Obamacare’s supporters fear the Supreme Court’s actions since the Hobby Lobby decision suggest the Court will further crumble the law’s cracked contraception mandate.
Before leaving for the summer, the justices dealt with a handful of procedural questions in other, non-Hobby Lobby lawsuits regarding the mandate that have been filed by religious nonprofits. Those actions include granting a temporary injunction that allows Wheaton College to — at least temporarily — sidestep a version of the mandate aimed at quasi-religious employers.
That move has friends of the Affordable Care Act nervous. Post-Hobby Lobby, the next challenge to mandatory birth-control coverage will almost certainly come from religious nonprofits like Wheaton. And if the justices are willing to grant the college an injunction, the mandate’s supporters fear that, when the cases come before them in the future, they’ll grant exemptions even beyond the scope of Hobby Lobby.
That’s no small matter: More than 50 lawsuits seeking further exemptions to the mandate are already working their way through the legal system, and some are near certain to end up before the Supreme Court.
Here’s a guide to understanding what the Supreme Court has done since the Hobby Lobby decision, and what it means for the ongoing battle over the law’s contraception mandate.
What has the Court done since Hobby Lobby?
Last week, the Supreme Court granted a temporary injunction to Wheaton College, saying it doesn’t have to fill out a form that would qualify it for an “accommodation” to the contraception mandate. The accommodation was designed to give quasi-religious employers like Wheaton a way to avoid providing or paying for birth control directly, while still ensuring that their employees get access to the benefits the Affordable Care Act intended.
Earlier — the day after the Hobby Lobby ruling, in fact — the Supreme Court ordered lower courts to hold new hearings in three cases brought by religious nonprofits.

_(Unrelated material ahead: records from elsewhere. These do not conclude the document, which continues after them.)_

theorem theorem1:
  fixes n :: nat
  assumes "n \<ge> 3"
  shows "\<exists>\<sigma> :: adversary. (\<forall>h. fst (\<sigma> h) < n) \<and>
    (\<forall>cs :: nat \<Rightarrow> bool.
       (\<forall>k r. linearizable_reg (snd (run \<sigma> cs k)) r (init_val r)) \<and>
       (\<forall>p < n. \<forall>j. \<exists>k. j \<le> rnd (fst (run \<sigma> cs k) p)))"
proof -
  define m where "m = n - 2"
  have "1 \<le> m" and n: "n = m + 2" using assms unfolding m_def by auto
  note run = run_weakener_adversary[of m]
  show ?thesis
  proof (intro exI[of _ "weakener_adversary m"] conjI allI impI)
    fix h :: "event list"
    show "fst (weakener_adversary m h) < n"
      using round_proc_less[of "length h mod round_len m" m] round_len_pos[of m]
      unfolding weakener_adversary_def n by (simp add: Let_def)
  next
    fix cs :: "nat \<Rightarrow> bool" and k r
    show "linearizable_reg (snd (run (weakener_adversary m) cs k)) r (init_val r)"
      using run[of cs k] linearizable_R1 linearizable_C1 linearizable_R2[OF \<open>1 \<le> m\<close>]
      by (cases r) auto
  next
    fix cs :: "nat \<Rightarrow> bool" and p j
    assume "p < n"
    then have "round_state_inv m cs j 0 p (fst (run (weakener_adversary m) cs (j * round_len m)) p)"
      using run[of cs "j * round_len m"] n by (simp add: round_len_pos)
    then have "rnd (fst (run (weakener_adversary m) cs (j * round_len m)) p) = j"
      by (simp add: round_state_inv_def round_rnd_def)
    then show "\<exists>k. j \<le> rnd (fst (run (weakener_adversary m) cs k) p)" by (metis order_refl)
  qed
qed

end
lemma dense_mod_one_translate:
  assumes "dense_mod_one \<epsilon> S"
  shows "dense_mod_one \<epsilon> ((+) c ` S)"
  unfolding dense_mod_one_def
proof
  fix t
  obtain s k where "s \<in> S" "\<bar>s - (t - c) - of_int k\<bar> < \<epsilon>"
    using assms unfolding dense_mod_one_def by blast
  then show "\<exists>s\<in>(+) c ` S. \<exists>k::int. \<bar>s - t - of_int k\<bar> < \<epsilon>"
    by (intro bexI[of _ "c + s"] exI[of _ k]) (auto simp: algebra_simps)
qed

lemma dense_mod_one_Min_less:
  assumes "finite B" "B \<noteq> {}" "dense_mod_one \<epsilon> B" and close: "\<forall>b\<in>B. \<bar>a - b\<bar> < 1"
  shows "Min B < a + 2 * \<epsilon>"
proof (rule ccontr)
  assume "\<not> Min B < a + 2 * \<epsilon>"
  obtain b k where b: "b \<in> B" "\<bar>b - (a + \<epsilon>) - of_int k\<bar> < \<epsilon>"
    using assms(3) unfolding dense_mod_one_def by blast
  have "Min B \<le> b"
    using assms(1) b(1) by simp
  moreover have "\<bar>a - b\<bar> < 1"
    using close b(1) by blast
  ultimately have "0 < (of_int k :: real)" "(of_int k :: real) < 1"
    using \<open>\<not> Min B < a + 2 * \<epsilon>\<close> b(2) unfolding abs_less_iff by linarith+
  then show False by simp
qed

lemma dense_mod_one_Min_close:
  assumes "finite A" "A \<noteq> {}" "dense_mod_one \<epsilon> A" "finite B" "B \<noteq> {}" "dense_mod_one \<epsilon> B"
    and close: "\<forall>a\<in>A. \<forall>b\<in>B. \<bar>a - b\<bar> < 1"
  shows "\<bar>Min A - Min B\<bar> < 2 * \<epsilon>"
proof -
  have "Min B < Min A + 2 * \<epsilon>"
    using close assms(1,2) by (intro dense_mod_one_Min_less[OF assms(4-6)]) simp
  moreover have "Min A < Min B + 2 * \<epsilon>"
    using close assms(4,5) by (intro dense_mod_one_Min_less[OF assms(1-3)]) (simp add: abs_minus_commute)
  ultimately show ?thesis by linarith
qed

lemma Min_translate:
  fixes S :: "'a::linordered_ab_semigroup_add set"
  shows "finite S \<Longrightarrow> S \<noteq> {} \<Longrightarrow> Min ((+) c ` S) = c + Min S"
  by (simp add: mono_Min_commute[symmetric] mono_add)

lemma sturmian_insertion_discrepancy_small:
  fixes x :: iword and u v w :: "bool list"
  defines "D \<equiv> discrepancies (slope x)"
  assumes x: "sturmian x" and P: "v @ w \<in> Fact x" and Q: "v @ u @ w \<in> Fact x"
    and dense: "dense_mod_one \<epsilon> (D v)" "dense_mod_one \<epsilon> (D w)"
  shows "\<bar>discrepancy (slope x) u (length u)\<bar> < 4 * \<epsilon>"
proof -
  define c where "c = discrepancy (slope x) v (length v)"
  define d where "d = discrepancy (slope x) u (length u)"
  have fin: "finite (D z)" "D z \<noteq> {}" for z
    unfolding D_def by (simp_all add: finite_discrepancies discrepancies_nonempty)
  have split_P: "D (v @ w) = D v \<union> (+) c ` D w"
    unfolding D_def c_def by (rule discrepancies_append)
  have split_Q: "D (v @ u @ w) = D v \<union> (+) c ` (D u \<union> (+) d ` D w)"
    unfolding D_def c_def d_def by (simp only: discrepancies_append)
  have "\<bar>Min (D v) - Min ((+) c ` D w)\<bar> < 2 * \<epsilon>"
  proof (rule dense_mod_one_Min_close)
    show "\<forall>a\<in>D v. \<forall>b\<in>(+) c ` D w. \<bar>a - b\<bar> < 1"
      using sturmian_factor_discrepancies_close[OF x P] unfolding split_P[unfolded D_def] D_def
      by blast
  qed (use fin dense dense_mod_one_translate in auto)
  moreover have "\<bar>Min (D v) - Min ((+) (c + d) ` D w)\<bar> < 2 * \<epsilon>"
  proof (rule dense_mod_one_Min_close)
    have "(+) (c + d) ` D w \<subseteq> (+) c ` (D u \<union> (+) d ` D w)"
      by (auto simp: image_image add.assoc)
    then show "\<forall>a\<in>D v. \<forall>b\<in>(+) (c + d) ` D w. \<bar>a - b\<bar> < 1"
      using sturmian_factor_discrepancies_close[OF x Q] unfolding split_Q[unfolded D_def] D_def
      by blast
  qed (use fin dense dense_mod_one_translate in auto)
  ultimately show ?thesis
    unfolding d_def[symmetric] using Min_translate[OF fin(1,2)] by simp
qed
(* Let $M$ be a magma satisfying $xy = xz$ and $(xy)z = xy$ for all $x,y,z\in M$. Then $M$ satisfies $xy = x$ for all $x,y\in M$ if and only if $M$ avoids the $2$-element null semigroup $2_N$ on $\{0,1\}$ with Cayley table \[ \begin{array}{c|cc} 2_{N} & 0 & 1 \\ \hline 0 & 0 & 0 \\ 1 & 0 & 0 \end{array}. \]
   Context: A magma is a nonempty set with a binary operation, written by juxtaposition. A magma $M$ avoids a magma $F$ if no submagma of $M$ is isomorphic to $F$. *)

theory Defs
  imports Main
begin

definition magma :: "'a set \<Rightarrow> ('a \<Rightarrow> 'a \<Rightarrow> 'a) \<Rightarrow> bool" where
  "magma M f \<longleftrightarrow> M \<noteq> {} \<and> (\<forall>x\<in>M. \<forall>y\<in>M. f x y \<in> M)"

definition submagma :: "'a set \<Rightarrow> 'a set \<Rightarrow> ('a \<Rightarrow> 'a \<Rightarrow> 'a) \<Rightarrow> bool" where
  "submagma S M f \<longleftrightarrow> S \<noteq> {} \<and> S \<subseteq> M \<and> (\<forall>x\<in>S. \<forall>y\<in>S. f x y \<in> S)"

definition magma_iso :: "('b \<Rightarrow> 'a) \<Rightarrow> 'b set \<Rightarrow> ('b \<Rightarrow> 'b \<Rightarrow> 'b) \<Rightarrow> 'a set \<Rightarrow> ('a \<Rightarrow> 'a \<Rightarrow> 'a) \<Rightarrow> bool" where
  "magma_iso h F g S f \<longleftrightarrow> bij_betw h F S \<and> (\<forall>x\<in>F. \<forall>y\<in>F. h (g x y) = f (h x) (h y))"

definition avoids :: "'a set \<Rightarrow> ('a \<Rightarrow> 'a \<Rightarrow> 'a) \<Rightarrow> 'b set \<Rightarrow> ('b \<Rightarrow> 'b \<Rightarrow> 'b) \<Rightarrow> bool" where
  "avoids M f F g \<longleftrightarrow> \<not> (\<exists>S h. submagma S M f \<and> magma_iso h F g S f)"

definition null2_carrier :: "nat set" where "null2_carrier = {0, 1}"
definition null2_op :: "nat \<Rightarrow> nat \<Rightarrow> nat" where "null2_op x y = 0"

end

theory Submission
  imports Defs
begin

text \<open>
  A copy of \<open>2\<^sub>N\<close> inside \<open>M\<close> is the same thing as two distinct elements \<open>a \<noteq> x\<close> all of whose
  products equal \<open>a\<close>. A left-zero magma has no such pair, since there \<open>x x = x\<close>. Conversely,
  if \<open>x y \<noteq> x\<close>, put \<open>a = x y\<close>: the first identity gives \<open>x z = a\<close> for every \<open>z\<close>, the second
  gives \<open>a z = a\<close>, so \<open>{a, x}\<close> is such a pair.
\<close>

definition null_pair :: "('a \<Rightarrow> 'a \<Rightarrow> 'a) \<Rightarrow> 'a \<Rightarrow> 'a \<Rightarrow> bool" where
  "null_pair f a x \<longleftrightarrow> a \<noteq> x \<and> (\<forall>u\<in>{a, x}. \<forall>v\<in>{a, x}. f u v = a)"

lemma null_pair_iff_not_avoids_null2:
  "(\<exists>a\<in>M. \<exists>x\<in>M. null_pair f a x) \<longleftrightarrow> \<not> avoids M f null2_carrier null2_op"
proof
  assume "\<exists>a\<in>M. \<exists>x\<in>M. null_pair f a x"
  then obtain a x where "a \<in> M" "x \<in> M" and pair: "null_pair f a x" by blast
  define h where "h = (\<lambda>n::nat. if n = 0 then a else x)"
  have "submagma {a, x} M f"
    using \<open>a \<in> M\<close> \<open>x \<in> M\<close> pair unfolding submagma_def null_pair_def by auto
  moreover have "magma_iso h null2_carrier null2_op {a, x} f"
    using pair unfolding magma_iso_def null2_carrier_def null2_op_def null_pair_def h_def
    by (auto simp: bij_betw_def inj_on_def)
  ultimately show "\<not> avoids M f null2_carrier null2_op"
    unfolding avoids_def by blast
next
  assume "\<not> avoids M f null2_carrier null2_op"
  then obtain S h where S: "submagma S M f" and h: "magma_iso h null2_carrier null2_op S f"
    unfolding avoids_def by blast
  have "bij_betw h {0, 1} S"
    using h unfolding magma_iso_def null2_carrier_def by simp
  then have S_eq: "S = {h 0, h 1}" and "h 0 \<noteq> h 1"
    by (auto simp: bij_betw_def inj_on_def)
  have product: "f (h m) (h n) = h 0" if "m \<in> {0, 1}" "n \<in> {0, 1}" for m n
    using h that unfolding magma_iso_def null2_carrier_def null2_op_def by metis
  have "null_pair f (h 0) (h 1)"
    using \<open>h 0 \<noteq> h 1\<close> product[of 0 0] product[of 0 1] product[of 1 0] product[of 1 1]
    unfolding null_pair_def by auto
  moreover have "h 0 \<in> M" "h 1 \<in> M"
    using S S_eq unfolding submagma_def by auto
  ultimately show "\<exists>a\<in>M. \<exists>x\<in>M. null_pair f a x" by blast
qed

lemma left_zero_no_null_pair:
  assumes "\<forall>x\<in>M. \<forall>y\<in>M. f x y = x" and "x \<in> M"
  shows "\<not> null_pair f a x"
  using assms unfolding null_pair_def by auto

lemma null_pair_of_non_left_zero_product:
  assumes closed: "\<forall>x\<in>M. \<forall>y\<in>M. f x y \<in> M"
    and left_const: "\<forall>x\<in>M. \<forall>y\<in>M. \<forall>z\<in>M. f x y = f x z"
    and product_left_zero: "\<forall>x\<in>M. \<forall>y\<in>M. \<forall>z\<in>M. f (f x y) z = f x y"
    and "x \<in> M" "y \<in> M" "f x y \<noteq> x"
  shows "null_pair f (f x y) x"
proof -
  have "f x z = f x y" if "z \<in> M" for z
    using left_const \<open>x \<in> M\<close> \<open>y \<in> M\<close> that by metis
  moreover have "f (f x y) z = f x y" if "z \<in> M" for z
    using product_left_zero \<open>x \<in> M\<close> \<open>y \<in> M\<close> that by blast
  moreover have "f x y \<in> M"
    using closed \<open>x \<in> M\<close> \<open>y \<in> M\<close> by blast
  ultimately show ?thesis
    using \<open>x \<in> M\<close> \<open>f x y \<noteq> x\<close> unfolding null_pair_def by auto
qed

theorem mainTheorem7:
  fixes M :: "'a set" and f :: "'a \<Rightarrow> 'a \<Rightarrow> 'a"
  assumes "magma M f"
    and "\<forall>x\<in>M. \<forall>y\<in>M. \<forall>z\<in>M. f x y = f x z"
    and "\<forall>x\<in>M. \<forall>y\<in>M. \<forall>z\<in>M. f (f x y) z = f x y"
  shows "(\<forall>x\<in>M. \<forall>y\<in>M. f x y = x) \<longleftrightarrow> avoids M f null2_carrier null2_op"
proof
  assume "\<forall>x\<in>M. \<forall>y\<in>M. f x y = x"
  then have "\<not> (\<exists>a\<in>M. \<exists>x\<in>M. null_pair f a x)"
    using left_zero_no_null_pair by metis
  then show "avoids M f null2_carrier null2_op"
    using null_pair_iff_not_avoids_null2 by metis
next
  assume "avoids M f null2_carrier null2_op"
  then have no_pair: "\<not> null_pair f a x" if "a \<in> M" "x \<in> M" for a x
    using null_pair_iff_not_avoids_null2 that by metis
  have closed: "\<forall>x\<in>M. \<forall>y\<in>M. f x y \<in> M"
    using assms(1) unfolding magma_def by blast
  show "\<forall>x\<in>M. \<forall>y\<in>M. f x y = x"
  proof (intro ballI)
    fix x y assume "x \<in> M" "y \<in> M"
    then show "f x y = x"
      using no_pair null_pair_of_non_left_zero_product[OF closed assms(2,3)] closed by metis
  qed
qed

end
(* Let $\theta=[\mathrm{vec}(A)^T,\mu^T]^T,\ \theta_0=[\mathrm{vec}(A_0)^T,\mu_0^T]^T\in\mathscr{D}(p,r)$ with $M=M(\mu)$ and $M_0=M(\mu_0)$ positive definite. If $$\|\Sigma(\theta)-\Sigma(\theta_0)\|_F\le\frac{(1-\|A_0\|_2^2)^2\lambda_r(M_0)}{4\sqrt2(1+\|A_0\|_2^2)^2},$$ then $$\|\theta-\theta_0\|_2\le\Big[1+\frac{16\sqrt2\{1+\lambda_1(M_0)\}(1+\|A_0\|_2^2)}{\lambda_r(M_0)(1-\|A_0\|_2^2)}\Big]\|\Sigma(\theta)-\Sigma(\theta_0)\|_F .$$
   Context: Fix integers $1\le r\le p$. For $A\in\mathbb{R}^{(p-r)\times r}$ write $\varphi=\mathrm{vec}(A)$, $X_\varphi=\begin{bmatrix}0_{r\times r}&-A^{T}\\ A&0\end{bmatrix}$, $I_{p\times r}=\begin{bmatrix}I_r\\0\end{bmatrix}$, and let $U(\varphi)=(I_p+X_\varphi)(I_p-X_\varphi)^{-1}I_{p\times r}$ be the Cayley parameterization. For a symmetric $r\times r$ matrix $M$, $\mathrm{vech}(M)$ stacks its on-and-below-diagonal entries column by column, and $M(\mu)$ is the symmetric matrix with $\mathrm{vech}(M(\mu))=\mu$. $\mathscr{D}(p,r)=\{\theta=[\mathrm{vec}(A)^T,\mu^T]^T:\|A\|_2<1,\ \mu\in\mathbb{R}^{r(r+1)/2}\}$ and $\Sigma(\theta)=U(\varphi)M(\mu)U(\varphi)^T$. $\lambda_1(M_0)\ge\dots\ge\lambda_r(M_0)>0$ are the eigenvalues of the positive definite matrix $M_0$. *)

theory Defs
  imports Complex_Main "Jordan_Normal_Form.Matrix" "Jordan_Normal_Form.Char_Poly"
    "Jordan_Normal_Form.Gauss_Jordan_Elimination"
begin

definition vnorm :: "real vec \<Rightarrow> real" where
  "vnorm v = sqrt (\<Sum>i<dim_vec v. (v $ i)^2)"

definition lnorm :: "real list \<Rightarrow> real" where
  "lnorm xs = sqrt (\<Sum>i<length xs. (xs ! i)^2)"

definition frob :: "real mat \<Rightarrow> real" where
  "frob M = sqrt (\<Sum>i<dim_row M. \<Sum>j<dim_col M. (M $$ (i,j))^2)"

definition spec_norm :: "real mat \<Rightarrow> real" where
  "spec_norm A = Sup {vnorm (A *\<^sub>v x) | x. x \<in> carrier_vec (dim_col A) \<and> vnorm x = 1}"

definition vecm :: "real mat \<Rightarrow> real list" where
  "vecm A = concat (map (\<lambda>j. map (\<lambda>i. A $$ (i,j)) [0..<dim_row A]) [0..<dim_col A])"

definition vech :: "real mat \<Rightarrow> real list" where
  "vech M = concat (map (\<lambda>j. map (\<lambda>i. M $$ (i,j)) [j..<dim_row M]) [0..<dim_col M])"

definition pos_def :: "nat \<Rightarrow> real mat \<Rightarrow> bool" where
  "pos_def n M \<longleftrightarrow> M \<in> carrier_mat n n \<and> transpose_mat M = M \<and>
     (\<forall>x \<in> carrier_vec n. x \<noteq> 0\<^sub>v n \<longrightarrow> scalar_prod x (M *\<^sub>v x) > 0)"

definition lambda_max :: "real mat \<Rightarrow> real" where
  "lambda_max M = Max {k. eigenvalue M k}"

definition lambda_min :: "real mat \<Rightarrow> real" where
  "lambda_min M = Min {k. eigenvalue M k}"

(* X_phi for A of size (p-r) x r *)
definition Xmat :: "nat \<Rightarrow> nat \<Rightarrow> real mat \<Rightarrow> real mat" where
  "Xmat p r A = four_block_mat (0\<^sub>m r r) (- transpose_mat A) A (0\<^sub>m (p - r) (p - r))"

definition Ipr :: "nat \<Rightarrow> nat \<Rightarrow> real mat" where
  "Ipr p r = mat p r (\<lambda>(i,j). if i = j then 1 else 0)"

definition Ucay :: "nat \<Rightarrow> nat \<Rightarrow> real mat \<Rightarrow> real mat" where
  "Ucay p r A = (1\<^sub>m p + Xmat p r A) * the (mat_inverse (1\<^sub>m p - Xmat p r A)) * Ipr p r"

definition Sigma :: "nat \<Rightarrow> nat \<Rightarrow> real mat \<Rightarrow> real mat \<Rightarrow> real mat" where
  "Sigma p r A M = Ucay p r A * M * transpose_mat (Ucay p r A)"

end

theory Submission
  imports Defs "HOL-Analysis.L2_Norm"
begin

(*
  Write U and U0 for the Cayley frames of A and A0.  Both are isometries whose top r x r blocks
  T and T0 are symmetric, T positive semidefinite and T0 >= c0 = (1 - a0^2)/(1 + a0^2) with
  a0 = |A0|_2.  The residual E = U0 - U U^T U0 satisfies E M0 = -(1 - U U^T)(Sigma - Sigma0) U0,
  hence lambda_r(M0) |E| <= |Sigma - Sigma0| in Frobenius norm.  The deviation K = U^T U0 - 1
  solves the Sylvester equation T K + K T0 = (terms built from E), so c0 |K| <= 2 |E|, and
  U - U0 = (U - U0 Q^T) + U0 K^T, Q = U^T U0, with |U - U0 Q^T| = |E| bounds |U - U0|.  Finally M = U^T Sigma U
  and A = (bottom block of U)(1 + T)^(-1) depend Lipschitz-continuously on (Sigma, U):
  |M - M0| <= |Sigma - Sigma0| + 2 lambda_1(M0) |U - U0| and |A - A0| <= 2 |U - U0|.
*)

declare col_mult[simp del]
declare minus_carrier_mat[simp]

section \<open>Euclidean norm and scalar products\<close>

lemma abs_sum_mult_le: "\<bar>\<Sum>i\<in>A. (f i::real) * g i\<bar> \<le> sqrt (\<Sum>i\<in>A. (f i)^2) * sqrt (\<Sum>i\<in>A. (g i)^2)"
proof -
  have "\<bar>\<Sum>i\<in>A. f i * g i\<bar> \<le> (\<Sum>i\<in>A. \<bar>f i\<bar> * \<bar>g i\<bar>)"
    by (metis (no_types, lifting) abs_mult sum.cong sum_abs)
  also have "\<dots> \<le> L2_set f A * L2_set g A" by (rule L2_set_mult_ineq)
  finally show ?thesis unfolding L2_set_def .
qed

lemma vnorm_eq_sqrt_scalar_prod: "vnorm (v::real vec) = sqrt (v \<bullet> v)"
  unfolding vnorm_def scalar_prod_def by (simp add: power2_eq_square atLeast0LessThan)

lemma vnorm_nonneg[simp]: "vnorm v \<ge> 0" unfolding vnorm_def by (simp add: sum_nonneg)

lemma scalar_prod_self_nonneg: "(v::real vec) \<bullet> v \<ge> 0" unfolding scalar_prod_def by (auto intro: sum_nonneg)

lemma vnorm_square: "(vnorm v)^2 = (v::real vec) \<bullet> v"
  unfolding vnorm_eq_sqrt_scalar_prod using scalar_prod_self_nonneg by simp

lemma abs_scalar_prod_le_vnorm: assumes "v \<in> carrier_vec n" "w \<in> carrier_vec n"
  shows "\<bar>(v::real vec) \<bullet> w\<bar> \<le> vnorm v * vnorm w"
proof -
  have "\<bar>v \<bullet> w\<bar> = \<bar>\<Sum>i\<in>{..<n}. v$i * w$i\<bar>" using assms
    unfolding scalar_prod_def by (simp add: atLeast0LessThan)
  also have "\<dots> \<le> sqrt (\<Sum>i\<in>{..<n}. (v$i)^2) * sqrt (\<Sum>i\<in>{..<n}. (w$i)^2)" by (rule abs_sum_mult_le)
  also have "\<dots> = vnorm v * vnorm w" using assms unfolding vnorm_def by (simp add: sum_nonneg)
  finally show ?thesis .
qed

lemma scalar_prod_le_vnorm: assumes "v \<in> carrier_vec n" "w \<in> carrier_vec n"
  shows "(v::real vec) \<bullet> w \<le> vnorm v * vnorm w"
  using abs_scalar_prod_le_vnorm[OF assms] by simp

lemma vnorm_eq_0_iff: assumes "v \<in> carrier_vec n" shows "vnorm (v::real vec) = 0 \<longleftrightarrow> v = 0\<^sub>v n"
proof
  assume "vnorm v = 0"
  hence "(\<Sum>i<dim_vec v. (v $ i)^2) = 0" unfolding vnorm_def by (simp add: sum_nonneg)
  hence "\<forall>i\<in>{..<dim_vec v}. (v$i)^2 = 0" by (subst sum_nonneg_eq_0_iff[symmetric]) auto
  thus "v = 0\<^sub>v n" using assms by (intro eq_vecI) auto
qed (simp add: vnorm_def)

lemma vnorm_smult: "vnorm (c \<cdot>\<^sub>v (v::real vec)) = \<bar>c\<bar> * vnorm v"
proof -
  have "vnorm (c \<cdot>\<^sub>v v) = sqrt (c^2 * (\<Sum>i<dim_vec v. (v $ i)^2))"
    unfolding vnorm_def by (simp add: sum_distrib_left power_mult_distrib)
  thus ?thesis unfolding vnorm_def by (simp add: real_sqrt_mult)
qed

lemma normalize_vec: assumes x: "x \<in> carrier_vec n" "x \<noteq> 0\<^sub>v n"
  shows "(1 / vnorm x) \<cdot>\<^sub>v x \<in> carrier_vec n" "((1 / vnorm x) \<cdot>\<^sub>v x) \<bullet> ((1 / vnorm x) \<cdot>\<^sub>v x) = 1"
    "vnorm x > 0"
proof -
  have p: "vnorm x > 0" using vnorm_eq_0_iff[OF x(1)] x(2) vnorm_nonneg[of x] by linarith
  thus "vnorm x > 0" .
  show "(1 / vnorm x) \<cdot>\<^sub>v x \<in> carrier_vec n" using x by simp
  have "((1 / vnorm x) \<cdot>\<^sub>v x) \<bullet> ((1 / vnorm x) \<cdot>\<^sub>v x) = (1/vnorm x)^2 * (x \<bullet> x)"
    using x by (simp add: power2_eq_square)
  also have "\<dots> = 1" using p unfolding vnorm_square[symmetric] by (simp add: field_simps)
  finally show "((1 / vnorm x) \<cdot>\<^sub>v x) \<bullet> ((1 / vnorm x) \<cdot>\<^sub>v x) = 1" .
qed

lemma vnorm_add: assumes "x \<in> carrier_vec n" "y \<in> carrier_vec n"
  shows "vnorm (x + y) \<le> vnorm x + vnorm (y::real vec)"
proof -
  have "(vnorm (x + y))^2 = x \<bullet> x + 2 * (x \<bullet> y) + y \<bullet> y"
    unfolding vnorm_square using assms
    by (simp add: add_scalar_prod_distrib[of _ n] scalar_prod_add_distrib[of _ n] comm_scalar_prod[of y n x])
  also have "\<dots> \<le> (vnorm x)^2 + 2 * (vnorm x * vnorm y) + (vnorm y)^2"
    using scalar_prod_le_vnorm[OF assms] unfolding vnorm_square by simp
  also have "\<dots> = (vnorm x + vnorm y)^2" by (simp add: power2_eq_square algebra_simps)
  finally show ?thesis by (rule power2_le_imp_le) simp
qed

lemma scalar_prod_self_le_of_vnorm_le: assumes "vnorm x \<le> a * vnorm y" "a \<ge> 0"
  shows "x \<bullet> x \<le> a^2 * ((y::real vec) \<bullet> y)"
proof -
  have "(vnorm x)^2 \<le> (a * vnorm y)^2" using assms by (intro power_mono) auto
  thus ?thesis unfolding vnorm_square[symmetric] by (simp add: power_mult_distrib)
qed

lemma scalar_prod_mult_mat_vec_transpose: assumes "W \<in> carrier_mat k n" "x \<in> carrier_vec n" "y \<in> carrier_vec k"
  shows "(W *\<^sub>v x) \<bullet> (y::real vec) = x \<bullet> (transpose_mat W *\<^sub>v y)"
proof -
  have "(transpose_mat W *\<^sub>v y) \<bullet> x = y \<bullet> (W *\<^sub>v x)" by (rule transpose_vec_mult_scalar[OF assms])
  moreover have "(W *\<^sub>v x) \<bullet> y = y \<bullet> (W *\<^sub>v x)" using assms by (intro comm_scalar_prod[of _ k]) auto
  moreover have "x \<bullet> (transpose_mat W *\<^sub>v y) = (transpose_mat W *\<^sub>v y) \<bullet> x"
    using assms by (intro comm_scalar_prod[of _ n]) auto
  ultimately show ?thesis by simp
qed

lemma scalar_prod_skew_mult_eq_0: assumes X: "X \<in> carrier_mat n n" and sk: "transpose_mat X = - X"
  and v: "v \<in> carrier_vec n" shows "v \<bullet> (X *\<^sub>v v) = (0::real)"
proof -
  have "v \<bullet> (X *\<^sub>v v) = (transpose_mat X *\<^sub>v v) \<bullet> v"
    using transpose_vec_mult_scalar[OF X v v] by simp
  also have "\<dots> = - ((X *\<^sub>v v) \<bullet> v)" unfolding sk using X v by simp
  also have "(X *\<^sub>v v) \<bullet> v = v \<bullet> (X *\<^sub>v v)" using X v by (intro comm_scalar_prod[of _ n]) auto
  finally show ?thesis by simp
qed

lemma smult_mat_mult_vec: assumes "M \<in> carrier_mat n m" "x \<in> carrier_vec m"
  shows "(c \<cdot>\<^sub>m M) *\<^sub>v x = c \<cdot>\<^sub>v (M *\<^sub>v (x::real vec))"
  using assms by (intro eq_vecI) auto

lemma discriminant_le_of_quadratic_nonneg: fixes a b c :: real
  assumes "\<And>t. a + 2 * t * b + t^2 * c \<ge> 0" "c \<ge> 0" "a \<ge> 0"
  shows "b^2 \<le> a * c"
proof (cases "c = 0")
  case True
  have "b = 0"
  proof (rule ccontr)
    assume b: "b \<noteq> 0"
    have "a + 2 * (- (a + 1) / (2 * b)) * b + (- (a + 1) / (2 * b))^2 * c \<ge> 0" by (rule assms(1))
    with b True show False by (simp add: field_simps)
  qed
  thus ?thesis using True by simp
next
  case False
  hence c: "c > 0" using assms by simp
  have "a + 2 * (- b / c) * b + (- b / c)^2 * c \<ge> 0" by (rule assms(1))
  hence "a - b^2 / c \<ge> 0" using c by (simp add: field_simps power2_eq_square)
  thus ?thesis using c by (simp add: field_simps)
qed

The high court said those cases should be reheard in light of the Hobby Lobby ruling.
But those aren’t final rulings, right? Why are people so worked up over these orders?
Hobby Lobby was about the contraception mandate and closely held for-profit companies. It didn’t directly speak to religious nonprofits, which are eligible for an accommodation from the mandate. But the Court referenced that accommodation a lot in its Hobby Lobby ruling, saying the accommodation met the same goals as the contraception mandate but with fewer implications for employers’ religious freedom.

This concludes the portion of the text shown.